Thursday, September 25, 2014

Why We Still Need The Electoral College

The American Electoral College causes a lot of confusion. Many Americans are unsure of how it works and why it is still in use. Isn’t the Electoral College just a relic of the days when the absence of up-to-date mass media made the average American so uninformed about the candidates for whom they voted that they had to delegate certain knowledgeable citizens to vote for them? I won’t comment on whether today’s median voter is any better informed than his eighteenth century counterpart, but I do think that the Electoral College serves an important and beneficial function in our political system. Those who wish to abandon it should reconsider their position.
To be clear, I am only defending the specific system of giving a certain number of votes to each state, equal to its total representation in Congress, and then choosing as President the person who receives a majority of those votes.

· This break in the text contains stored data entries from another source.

(* Let $R$ be a regular expression with no concatenation under star. Let $R'$ be obtained from $R$ by deleting all Kleene stars that are nested inside another Kleene star and deleting every occurrence of $\varepsilon$ that appears inside a Kleene star. Then $Gl(R)=Gl(R')$.
   Context: Regular expressions over $\Sigma$: $R::=\varepsilon\mid a\mid R^*\mid R\cdot R\mid R+R$ ($a\in\Sigma$). $R$ has no concatenation under star if no concatenation operator occurs in any subexpression nested under a Kleene star. A linearisation of $R$ replaces each atom occurrence by a distinct fresh symbol (position) from an alphabet $\Gamma$ (the same positions serving for $R$ and $R'$, which have the same atom occurrences), $\overline\alpha$ denoting the original letter. The Glushkov automaton $Gl(R)$ is the trim part of $(\Sigma,\{i\}\uplus\Gamma,\Delta,\{i\},F)$ with $\Delta=\{(\alpha,\overline\beta,\beta):\exists u,v\in\Gamma^*,\ u\alpha\beta v\in L(R_{\mathrm{lin}})\}\cup\{(i,\overline\alpha,\alpha):\exists u,\ \alpha u\in L(R_{\mathrm{lin}})\}$ and $F=\{\alpha:\exists u,\ u\alpha\in L(R_{\mathrm{lin}})\}\cup(\{i\}$ if $\varepsilon\in L(R_{\mathrm{lin}}))$, where $R_{\mathrm{lin}}$ is the linearisation. *)

theory Defs
  imports Main
begin

datatype 'a rexp = Eps | Atom 'a | Star "'a rexp" | Conc "'a rexp" "'a rexp" | Plus "'a rexp" "'a rexp"

definition conc_lang :: "'a list set \<Rightarrow> 'a list set \<Rightarrow> 'a list set" where
  "conc_lang A B = {u @ v | u v. u \<in> A \<and> v \<in> B}"

inductive_set star_lang :: "'a list set \<Rightarrow> 'a list set" for A where
  star_nil: "[] \<in> star_lang A"
| star_app: "u \<in> A \<Longrightarrow> v \<in> star_lang A \<Longrightarrow> u @ v \<in> star_lang A"

fun lang :: "'a rexp \<Rightarrow> 'a list set" where
  "lang Eps = {[]}"
| "lang (Atom a) = {[a]}"
| "lang (Star r) = star_lang (lang r)"
| "lang (Conc r s) = conc_lang (lang r) (lang s)"
| "lang (Plus r s) = lang r \<union> lang s"

fun has_conc :: "'a rexp \<Rightarrow> bool" where
  "has_conc Eps = False"
| "has_conc (Atom a) = False"
| "has_conc (Star r) = has_conc r"
| "has_conc (Conc r s) = True"
| "has_conc (Plus r s) = (has_conc r \<or> has_conc s)"

fun no_conc_under_star :: "'a rexp \<Rightarrow> bool" where
  "no_conc_under_star Eps = True"
| "no_conc_under_star (Atom a) = True"
| "no_conc_under_star (Star r) = (\<not> has_conc r)"
| "no_conc_under_star (Conc r s) = (no_conc_under_star r \<and> no_conc_under_star s)"
| "no_conc_under_star (Plus r s) = (no_conc_under_star r \<and> no_conc_under_star s)"

text \<open>Inside a star: remove all stars and all epsilon occurrences. The result is None
  if nothing remains (the subexpression consisted only of epsilons/stars).\<close>
fun strip_in_star :: "'a rexp \<Rightarrow> 'a rexp option" where
  "strip_in_star Eps = None"
| "strip_in_star (Atom a) = Some (Atom a)"
| "strip_in_star (Star r) = strip_in_star r"
| "strip_in_star (Plus r s) = (case (strip_in_star r, strip_in_star s) of
      (None, y) \<Rightarrow> y | (x, None) \<Rightarrow> x | (Some x, Some y) \<Rightarrow> Some (Plus x y))"
| "strip_in_star (Conc r s) = (case (strip_in_star r, strip_in_star s) of
      (None, y) \<Rightarrow> y | (x, None) \<Rightarrow> x | (Some x, Some y) \<Rightarrow> Some (Conc x y))"

fun simplify_stars :: "'a rexp \<Rightarrow> 'a rexp" where
  "simplify_stars Eps = Eps"
| "simplify_stars (Atom a) = Atom a"
| "simplify_stars (Star r) = (case strip_in_star r of None \<Rightarrow> Eps | Some r' \<Rightarrow> Star r')"
| "simplify_stars (Conc r s) = Conc (simplify_stars r) (simplify_stars s)"
| "simplify_stars (Plus r s) = Plus (simplify_stars r) (simplify_stars s)"

fun natoms :: "'a rexp \<Rightarrow> nat" where
  "natoms Eps = 0"
| "natoms (Atom a) = 1"
| "natoms (Star r) = natoms r"
| "natoms (Conc r s) = natoms r + natoms s"
| "natoms (Plus r s) = natoms r + natoms s"

text \<open>Positions are pairs (letter, index of the atom occurrence from left to right);
  the original letter of a position is its first component.\<close>
fun lin_from :: "nat \<Rightarrow> 'a rexp \<Rightarrow> ('a \<times> nat) rexp" where
  "lin_from n Eps = Eps"
| "lin_from n (Atom a) = Atom (a, n)"
| "lin_from n (Star r) = Star (lin_from n r)"
| "lin_from n (Conc r s) = Conc (lin_from n r) (lin_from (n + natoms r) s)"
| "lin_from n (Plus r s) = Plus (lin_from n r) (lin_from (n + natoms r) s)"

definition lin :: "'a rexp \<Rightarrow> ('a \<times> nat) rexp" where
  "lin r = lin_from 0 r"

fun atoms :: "'a rexp \<Rightarrow> 'a set" where
  "atoms Eps = {}"
| "atoms (Atom a) = {a}"
| "atoms (Star r) = atoms r"
| "atoms (Conc r s) = atoms r \<union> atoms s"
| "atoms (Plus r s) = atoms r \<union> atoms s"

text \<open>An automaton (states, transitions, initial states, final states).\<close>
type_synonym ('q, 'a) nfa = "'q set \<times> ('q \<times> 'a \<times> 'q) set \<times> 'q set \<times> 'q set"

definition trim :: "('q, 'a) nfa \<Rightarrow> ('q, 'a) nfa" where
  "trim A = (case A of (Q, D, I, F) \<Rightarrow>
     let E = {(p, q). \<exists>a. (p, a, q) \<in> D \<and> p \<in> Q \<and> q \<in> Q};
         Q' = {q \<in> Q. (\<exists>i \<in> I \<inter> Q. (i, q) \<in> E\<^sup>*) \<and> (\<exists>f \<in> F \<inter> Q. (q, f) \<in> E\<^sup>*)}
     in (Q', {(p, a, q) \<in> D. p \<in> Q' \<and> q \<in> Q'}, I \<inter> Q', F \<inter> Q'))"

text \<open>State None is the initial state i; Some alpha is the position alpha.\<close>
definition glushkov :: "'a rexp \<Rightarrow> (('a \<times> nat) option, 'a) nfa" where
  "glushkov r = (let L = lang (lin r); \<Gamma> = atoms (lin r) in
     trim (insert None (Some ` \<Gamma>),
           {(Some \<alpha>, fst \<beta>, Some \<beta>) | \<alpha> \<beta>. \<exists>u v. u @ [\<alpha>, \<beta>] @ v \<in> L}
             \<union> {(None, fst \<alpha>, Some \<alpha>) | \<alpha>. \<exists>u. \<alpha> # u \<in> L},
           {None},
           {Some \<alpha> | \<alpha>. \<exists>u. u @ [\<alpha>] \<in> L} \<union> (if [] \<in> L then {None} else {})))"

end

theory Submission
  imports Defs
begin

text \<open>The Glushkov automaton of R depends only on the language and the set of positions of the
  linearisation of R. Since a star body without concatenation denotes only words of length at
  most one and contains every one of its positions as a one-letter word, its star is the set of
  all words over its positions. Deleting nested stars and epsilons under a star keeps the
  positions (in order, hence with the same numbering), so the star of the stripped body denotes
  the same set, and the linearised languages of R and R' coincide.\<close>

lemma star_lang_eq_lists:
  assumes "A \<subseteq> lists B" and "\<And>x. x \<in> B \<Longrightarrow> [x] \<in> A"
  shows "star_lang A = lists B"
proof
  show "star_lang A \<subseteq> lists B"
  proof
    fix w assume "w \<in> star_lang A"
    then show "w \<in> lists B"
      by (induction rule: star_lang.induct) (use assms(1) in auto)
  qed
  show "lists B \<subseteq> star_lang A"
  proof
    fix w assume "w \<in> lists B"
    then show "w \<in> star_lang A"
    proof (induction w)
      case Nil
      show ?case by (rule star_lang.star_nil)
    next
      case (Cons x w)
      then show ?case using star_lang.star_app[of "[x]" A w] assms(2) by auto
    qed
  qed
qed

lemma lang_subset_lists_atoms: "lang r \<subseteq> lists (atoms r)"
proof (induction r)
  case (Star r)
  have "w \<in> lists (atoms r)" if "w \<in> star_lang (lang r)" for w
    using that by (induction rule: star_lang.induct) (use Star.IH in auto)
  then show ?case by auto
next
  case (Conc r s)
  then show ?case by (fastforce simp: conc_lang_def)
qed auto

lemma singleton_in_lang: "\<not> has_conc r \<Longrightarrow> a \<in> atoms r \<Longrightarrow> [a] \<in> lang r"
  by (induction r) (use star_lang.star_app[OF _ star_lang.star_nil, of "[a]"] in auto)

lemma lang_Star_no_conc: "\<not> has_conc r \<Longrightarrow> lang (Star r) = lists (atoms r)"
  using star_lang_eq_lists[OF lang_subset_lists_atoms singleton_in_lang] by simp

lemma has_conc_lin_from [simp]: "has_conc (lin_from n r) = has_conc r"
  by (induction r arbitrary: n) auto

lemma has_conc_strip_in_star: "strip_in_star r = Some r' \<Longrightarrow> \<not> has_conc r \<Longrightarrow> \<not> has_conc r'"
  by (induction r arbitrary: r') (auto split: option.splits)

lemma strip_in_star_None: "strip_in_star r = None \<Longrightarrow> natoms r = 0 \<and> atoms (lin_from n r) = {}"
  by (induction r arbitrary: n) (auto split: option.splits)

lemma natoms_strip_in_star: "strip_in_star r = Some r' \<Longrightarrow> natoms r' = natoms r"
  by (induction r arbitrary: r') (auto split: option.splits dest: strip_in_star_None)

lemma atoms_lin_from_strip_in_star:
  "strip_in_star r = Some r' \<Longrightarrow> atoms (lin_from n r') = atoms (lin_from n r)"
proof (induction r arbitrary: n r')
  case (Conc r s)
  then show ?case
    by (auto split: option.splits dest: strip_in_star_None simp: natoms_strip_in_star)
next
  case (Plus r s)
  then show ?case
    by (auto split: option.splits dest: strip_in_star_None simp: natoms_strip_in_star)
qed auto

lemma natoms_simplify_stars [simp]: "natoms (simplify_stars r) = natoms r"
  by (induction r) (auto split: option.splits dest: strip_in_star_None natoms_strip_in_star)

lemma atoms_lin_from_simplify_stars:
  "atoms (lin_from n (simplify_stars r)) = atoms (lin_from n r)"
  by (induction r arbitrary: n)
    (auto split: option.splits dest: strip_in_star_None atoms_lin_from_strip_in_star)

lemma lang_lin_from_simplify_stars:
  "no_conc_under_star r \<Longrightarrow> lang (lin_from n (simplify_stars r)) = lang (lin_from n r)"
proof (induction r arbitrary: n)
  case (Star r)
  then have no_conc: "\<not> has_conc r" by simp
  then have lang_Star: "lang (lin_from n (Star r)) = lists (atoms (lin_from n r))"
    using lang_Star_no_conc[of "lin_from n r"] by simp
  show ?case
  proof (cases "strip_in_star r")
    case None
    then show ?thesis using strip_in_star_None[OF None, of n] lang_Star by simp
  next
    case (Some r')
    then have "\<not> has_conc r'" using has_conc_strip_in_star no_conc by blast
    then show ?thesis
      using Some lang_Star lang_Star_no_conc[of "lin_from n r'"]
        atoms_lin_from_strip_in_star[OF Some] by simp
  qed
qed auto

theorem lemmaD50:
  fixes R :: "'a rexp"
  assumes "no_conc_under_star R"
  shows "glushkov R = glushkov (simplify_stars R)"
  unfolding glushkov_def lin_def
  by (simp add: lang_lin_from_simplify_stars[OF assms] atoms_lin_from_simplify_stars)

end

Critics are often quick to dismiss the system as anti-democratic, without reference to why it exists in the first place. The Constitution very intentionally does not establish our country as a democracy. The framers themselves were very skeptical of democracies, which lack a mechanism to protect minorities. What they wanted was a system in which the majority rules, but minorities are not trampled. In the case of a Presidential election, that goal is achieved by means of the Electoral College.

The Electoral College is important because it is an expression of our republic as a federation of states and not a monolithic, singular entity. To become President, a candidate must win a large number of states, not simply a large number of votes from a few areas; must gather a coalition of support from around the country. This effect benefits republicanism because the President is one person who has to represent and serve the entire collection of states. In a purely popular vote, candidates have no incentive to represent the interests of small states or less populated areas because they could be elected by simply scoring very high percentages in densely populated areas.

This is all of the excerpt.